If the length of the cycloid is $4$ times the diameter of a rotating circle, then the area under the arch traced out by that cycloid is how many times the area of the rotating circle?
I tried using the parametric equations for a cycloid: $x = a(t-\sin{t})$, and $y = a(1-\cos{t})$.
The answer is three. Can someone please explain this?

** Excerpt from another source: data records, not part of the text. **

theorem lemma2:
  fixes V :: "'a set" and E :: "'a \<Rightarrow> 'a \<Rightarrow> bool" and \<psi> :: "'a \<Rightarrow> 'a"
    and n d g m :: nat
  assumes "simple_graph V E" and "finite V" and "card V = n" and "n > 0"
    and "regular V E d" and "d > 0"
    and "girth_ge E g"
    and "m \<ge> 1"
    and "\<psi> ` V \<subseteq> V"
    and "rad_less V E \<psi> (real g / 2 - 1)"
  shows "collision_prob V E \<psi> m < real m ^ 2 / sqrt (real d)"
proof (cases "m = 1")
  case True
  then show ?thesis
    using \<open>d > 0\<close> by (simp add: collision_prob_eq_0)
next
  case False
  with \<open>m \<ge> 1\<close> have "2 \<le> m"
    by simp
  obtain R where "\<And>v u u'. u \<in> neighbors V E v \<Longrightarrow> u' \<in> neighbors V E v \<Longrightarrow> u \<noteq> u' \<Longrightarrow>
      \<psi> u = \<psi> u' \<Longrightarrow> R u = v \<or> R u' = v"
    using exists_first_step_map[OF assms(1,7,10)] by blast
  then have "collision_prob V E \<psi> m \<le> (real (m choose 2) + m) / d"
    by (rule collision_prob_le[OF assms(2,5,6,8)])
  also have "\<dots> < real m ^ 2 / d"
    using choose_two_add_less_square[OF \<open>2 \<le> m\<close>] \<open>d > 0\<close>
    by (intro divide_strict_right_mono) (simp_all flip: of_nat_power of_nat_add)
  also have "\<dots> \<le> real m ^ 2 / sqrt d"
    using \<open>d > 0\<close> sqrt_le_of_nat_self[of d] by (intro divide_left_mono) auto
  finally show ?thesis .
qed

end
(* Let $H$ be a real Hilbert space, $C\subseteq H$ nonempty, $\varphi:[0,\infty)\to[0,\infty)$ an increasing function vanishing only at $0$, and $A:H\to2^H$ a maximally monotone operator which is uniformly monotone on $C$ with modulus $\varphi$. Let $\gamma>0$ be such that $J_{\gamma A}(C)\subseteq C$. Then $J_{\gamma A}$ is uniformly firmly nonexpansive on $C$ with modulus $\gamma\varphi$.
   Context: $J_{\gamma A}:=(id_H+\gamma A)^{-1}$ (single-valued on $H$). $A$ is uniformly monotone on $C$ with modulus $\varphi$ if for all $x,y\in C$ and $u\in A(x)$, $v\in A(y)$: $\langle x-y,u-v\rangle\ge\varphi(\|x-y\|)$. A map $T$ is uniformly firmly nonexpansive on $C$ with modulus $\phi$ if $T(C)\subseteq C$ and for all $x,y\in C$, $t\in[0,1]$: $\|Tx-Ty\|^2\le\|((1-t)x+tTx)-((1-t)y+tTy)\|^2-2(1-t)\phi(\|Tx-Ty\|)$. *)

theory Defs
  imports "HOL-Analysis.Analysis"
begin

definition monotone_op :: "('a::real_inner \<Rightarrow> 'a set) \<Rightarrow> bool" where
  "monotone_op A \<longleftrightarrow>
     (\<forall>x y u v. u \<in> A x \<longrightarrow> v \<in> A y \<longrightarrow> inner (x - y) (u - v) \<ge> 0)"

definition maximally_monotone :: "('a::real_inner \<Rightarrow> 'a set) \<Rightarrow> bool" where
  "maximally_monotone A \<longleftrightarrow> monotone_op A \<and>
     (\<forall>B. monotone_op B \<and> (\<forall>x. A x \<subseteq> B x) \<longrightarrow> B = A)"
lemma sum_representation_basis_map_eq_card_fixpoints:
  assumes "independent B" "finite B" "f ` B \<subseteq> B"
  shows "(\<Sum>b\<in>B. representation B (f b) b) = of_nat (card {b\<in>B. f b = b})"
proof -
  have "(\<Sum>b\<in>B. representation B (f b) b) = (\<Sum>b\<in>B. of_bool (f b = b))"
    using assms(3) representation_basis[OF assms(1)] by (intro sum.cong) auto
  also have "\<dots> = of_nat (card {b\<in>B. f b = b})"
    using assms(2) by (simp add: Int_def conj_commute)
  finally show ?thesis .
qed

end

locale symmetric_algebra = vector_space scale
  for scale :: "'k::field \<Rightarrow> 'h::ring_1 \<Rightarrow> 'h" (infixr "*s" 75) +
  fixes tau :: "'h \<Rightarrow> 'k"
  assumes scale_mult_left: "a *s (x * y) = (a *s x) * y"
    and scale_mult_right: "a *s (x * y) = x * (a *s y)"
    and trace_form: "symmetric_trace_form scale tau"
begin

lemma tau_add: "tau (x + y) = tau x + tau y"
  and tau_scale: "tau (a *s x) = a * tau x"
  and tau_commute: "tau (x * y) = tau (y * x)"
  and tau_nondegenerate: "(\<And>y. tau (x * y) = 0) \<Longrightarrow> x = 0"
  using trace_form by (simp_all add: symmetric_trace_form_def)

lemma tau_zero: "tau 0 = 0"
  using tau_scale[of 0 0] by simp

lemma tau_diff: "tau (x - y) = tau x - tau y"
  using tau_add[of "x - y" y] by simp

lemma tau_sum: "tau (sum f I) = (\<Sum>i\<in>I. tau (f i))"
  by (induction I rule: infinite_finite_induct) (auto simp: tau_add tau_zero)

lemma tau_mult_sum_scale_right: "tau (x * (\<Sum>i\<in>I. c i *s y i)) = (\<Sum>i\<in>I. c i * tau (x * y i))"
  by (simp add: sum_distrib_left tau_sum tau_scale flip: scale_mult_right)

lemma tau_mult_sum_scale_left: "tau ((\<Sum>i\<in>I. c i *s y i) * x) = (\<Sum>i\<in>I. c i * tau (y i * x))"
  by (simp add: sum_distrib_right tau_sum tau_scale flip: scale_mult_left)

context
  fixes B assumes B: "is_basis scale B"
begin

lemma basis_finite: "finite B" and basis_independent: "independent B"
  and basis_span: "span B = UNIV"
  using B by (simp_all add: is_basis_def)

lemma basis_expansion: "x = (\<Sum>b\<in>B. representation B x b *s b)"
  using sum_representation_eq[OF basis_independent _ basis_finite] basis_span by simp

lemma eq_0_if_tau_basis_mult_eq_0:
  assumes "\<And>b. b \<in> B \<Longrightarrow> tau (b * y) = 0" shows "y = 0"
proof -
  have "tau (x * y) = 0" for x
  proof -
    have "tau (x * y) = tau ((\<Sum>b\<in>B. representation B x b *s b) * y)"
      by (subst basis_expansion) (rule refl)
    also have "\<dots> = 0" using assms by (simp add: tau_mult_sum_scale_left)
    finally show ?thesis .
  qed
  then show ?thesis using tau_commute tau_nondegenerate by metis
qed

lemma eq_if_tau_basis_mult_eq:
  assumes "\<And>b. b \<in> B \<Longrightarrow> tau (b * y) = tau (b * z)" shows "y = z"
  using eq_0_if_tau_basis_mult_eq_0[of "y - z"] assms by (simp add: right_diff_distrib tau_diff)

text \<open>The map \<open>y \<mapsto> \<Sum>\<^sub>b \<tau>(b y) b\<close> is injective by nondegeneracy, hence surjective;
  a preimage of \<open>b\<close> is the dual element.\<close>
lemma dual_elem_exists:
  assumes "b \<in> B" shows "\<exists>y. \<forall>b'\<in>B. tau (b' * y) = (if b' = b then 1 else 0)"
proof -
  interpret fd: finite_dimensional_vector_space scale B
    by unfold_locales (simp_all add: basis_finite basis_independent basis_span)
  define f where "f y = (\<Sum>b'\<in>B. tau (b' * y) *s b')" for y
  have rep_f: "representation B (f y) b' = tau (b' * y)" if "b' \<in> B" for y b'
    unfolding f_def
    by (rule representation_sum_scale_basis[OF basis_independent basis_span basis_finite that])
  have "Vector_Spaces.linear scale scale f"
    unfolding Vector_Spaces.linear_iff f_def
  proof (intro conjI allI vector_space_axioms)
    show "(\<Sum>b'\<in>B. tau (b' * (x + y)) *s b')
        = (\<Sum>b'\<in>B. tau (b' * x) *s b') + (\<Sum>b'\<in>B. tau (b' * y) *s b')" for x y
      by (simp add: distrib_left tau_add scale_left_distrib sum.distrib)
    show "(\<Sum>b'\<in>B. tau (b' * (a *s x)) *s b') = a *s (\<Sum>b'\<in>B. tau (b' * x) *s b')" for a x
      by (simp add: scale_sum_right tau_scale flip: scale_mult_right)
  qed
  moreover have "inj f"
    by (rule injI, rule eq_if_tau_basis_mult_eq) (metis rep_f)
  ultimately obtain y where y: "f y = b"
    using fd.linear_inj_imp_surj by (metis surjD)
  have "tau (b' * y) = (if b' = b then 1 else 0)" if "b' \<in> B" for b'
    using rep_f[OF that, of y] representation_basis[OF basis_independent assms] y by simp
  then show ?thesis by blast
qed

lemma tau_mult_dual_elem:
  assumes "b \<in> B" "b' \<in> B"
  shows "tau (b' * dual_elem tau B b) = (if b' = b then 1 else 0)"
proof -
  obtain y where y: "\<forall>b'\<in>B. tau (b' * y) = (if b' = b then 1 else 0)"
    using dual_elem_exists[OF assms(1)] by blast
  have "dual_elem tau B b = y"
    unfolding dual_elem_def
  proof (rule the_equality)
    show "\<forall>b'\<in>B. tau (b' * y) = (if b' = b then 1 else 0)" by (rule y)
    show "z = y" if "\<forall>b'\<in>B. tau (b' * z) = (if b' = b then 1 else 0)" for z
      using that y by (intro eq_if_tau_basis_mult_eq) simp
  qed
  then show ?thesis using y assms(2) by simp
qed

lemma dual_basis_expansion: "x = (\<Sum>a\<in>B. tau (a * x) *s dual_elem tau B a)"
proof (rule eq_if_tau_basis_mult_eq)
  fix b assume b: "b \<in> B"
  have "(\<Sum>a\<in>B. tau (a * x) * tau (b * dual_elem tau B a))
      = (\<Sum>a\<in>B. tau (a * x) * (if b = a then 1 else 0))"
    using tau_mult_dual_elem b by (intro sum.cong) auto
  then show "tau (b * x) = tau (b * (\<Sum>a\<in>B. tau (a * x) *s dual_elem tau B a))"
    using b basis_finite by (simp add: tau_mult_sum_scale_right if_distrib cong: if_cong)
qed

lemma trace_of_sum_tau_scale:
  "(\<Sum>b\<in>B. representation B (\<Sum>a\<in>A. tau (a * b) *s a) b) = (\<Sum>a\<in>A. tau (a * a))"
proof -
  have "representation B (\<Sum>a\<in>A. tau (a * b) *s a) b
      = (\<Sum>a\<in>A. tau (a * b) * representation B a b)" for b
    using representation_sum[OF basis_independent, of A "\<lambda>a. tau (a * b) *s a"]
      representation_scale[OF basis_independent] basis_span by simp
  then have "(\<Sum>b\<in>B. representation B (\<Sum>a\<in>A. tau (a * b) *s a) b)
      = (\<Sum>b\<in>B. \<Sum>a\<in>A. tau (a * b) * representation B a b)"
    by simp
  also have "\<dots> = (\<Sum>a\<in>A. tau (a * (\<Sum>b\<in>B. representation B a b *s b)))"
    by (subst sum.swap) (simp add: tau_mult_sum_scale_right mult.commute)
  also have "\<dots> = (\<Sum>a\<in>A. tau (a * a))"
    using basis_expansion by simp
  finally show ?thesis .
qed

end

context
  fixes dg B0
  assumes dg: "anti_involution scale dg" and B0: "dagger_symmetric_basis scale tau dg B0"
begin
(* Let $n\ge 3$ and let $\pi\in S_n$ be a shallow permutation avoiding $132$. If $\pi_j=n$ with $2\le j\le n-1$, then $\pi_n=1$. If $\pi_j=n$ with $2\le j\le n-2$, then $\pi_1=n-1$.
   Context: For $\pi\in S_n$: $D(\pi)=\sum_{i}|\pi_i-i|$, $I(\pi)$ is the number of inversions, $T(\pi)=n-\mathrm{cyc}(\pi)$ with $\mathrm{cyc}$ the number of cycles in the disjoint cycle decomposition; $\pi$ is shallow if $I(\pi)+T(\pi)=D(\pi)$. A permutation avoids a pattern $\sigma$ if it has no subsequence order-isomorphic to $\sigma$. *)

theory Defs
  imports "HOL-Combinatorics.Permutations"
begin

text \<open>A permutation of [n] = {1..n} is a function p :: nat => nat with p permutes {1..n};
  its one-line notation is p 1, ..., p n.\<close>

definition displacement :: "nat \<Rightarrow> (nat \<Rightarrow> nat) \<Rightarrow> int" where
  "displacement n p = (\<Sum>i\<in>{1..n}. \<bar>int (p i) - int i\<bar>)"

definition inversions :: "nat \<Rightarrow> (nat \<Rightarrow> nat) \<Rightarrow> nat" where
  "inversions n p = card {(i, j). i \<in> {1..n} \<and> j \<in> {1..n} \<and> i < j \<and> p j < p i}"

definition num_cycles :: "nat \<Rightarrow> (nat \<Rightarrow> nat) \<Rightarrow> nat" where
  "num_cycles n p = card ((\<lambda>i. {(p ^^ k) i | k. True}) ` {1..n})"

definition reflection_length :: "nat \<Rightarrow> (nat \<Rightarrow> nat) \<Rightarrow> nat" where
  "reflection_length n p = n - num_cycles n p"

definition shallow :: "nat \<Rightarrow> (nat \<Rightarrow> nat) \<Rightarrow> bool" where
  "shallow n p \<longleftrightarrow> int (inversions n p) + int (reflection_length n p) = displacement n p"

definition avoids_132 :: "nat \<Rightarrow> (nat \<Rightarrow> nat) \<Rightarrow> bool" where
  "avoids_132 n p \<longleftrightarrow> \<not> (\<exists>i j k. 1 \<le> i \<and> i < j \<and> j < k \<and> k \<le> n \<and> p i < p k \<and> p k < p j)"

end

theory Submission
  imports Defs "HOL-Combinatorics.Orbits"
begin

I am preferably looking for an answer that does not involve calculus.
To use the parametric equation:
Render the area as $\int y dx$ between the appropriate limits, which are clearly from $t=0$ to $t=2\pi$. Plug in the parametric equations to get
$a^2\int_0^{2\pi}(1-\cos t)d(t-\sin t)$
To get an integral with just $dt$ differentiate the $t-\sin t$ function and combine the derivative with the preexisting factor $1-\cos t$. Thus
$a^2\int_0^{2\pi}(1-\cos t)^2dt$
This may be simplified by putting in $(1-\cos t)^2=1-2\cos t+\cos^2t$ and then $\cos^2 t=(1+\cos 2t)/2$. Then the cosine integrate to zero over full periods, allowing those terms to be canceled out and leaving just a constant ($3/2$) remaining in the inte-grand. Thus the final answer $3\pi a^2$ where the parametric equations had defined $a$ as the radius.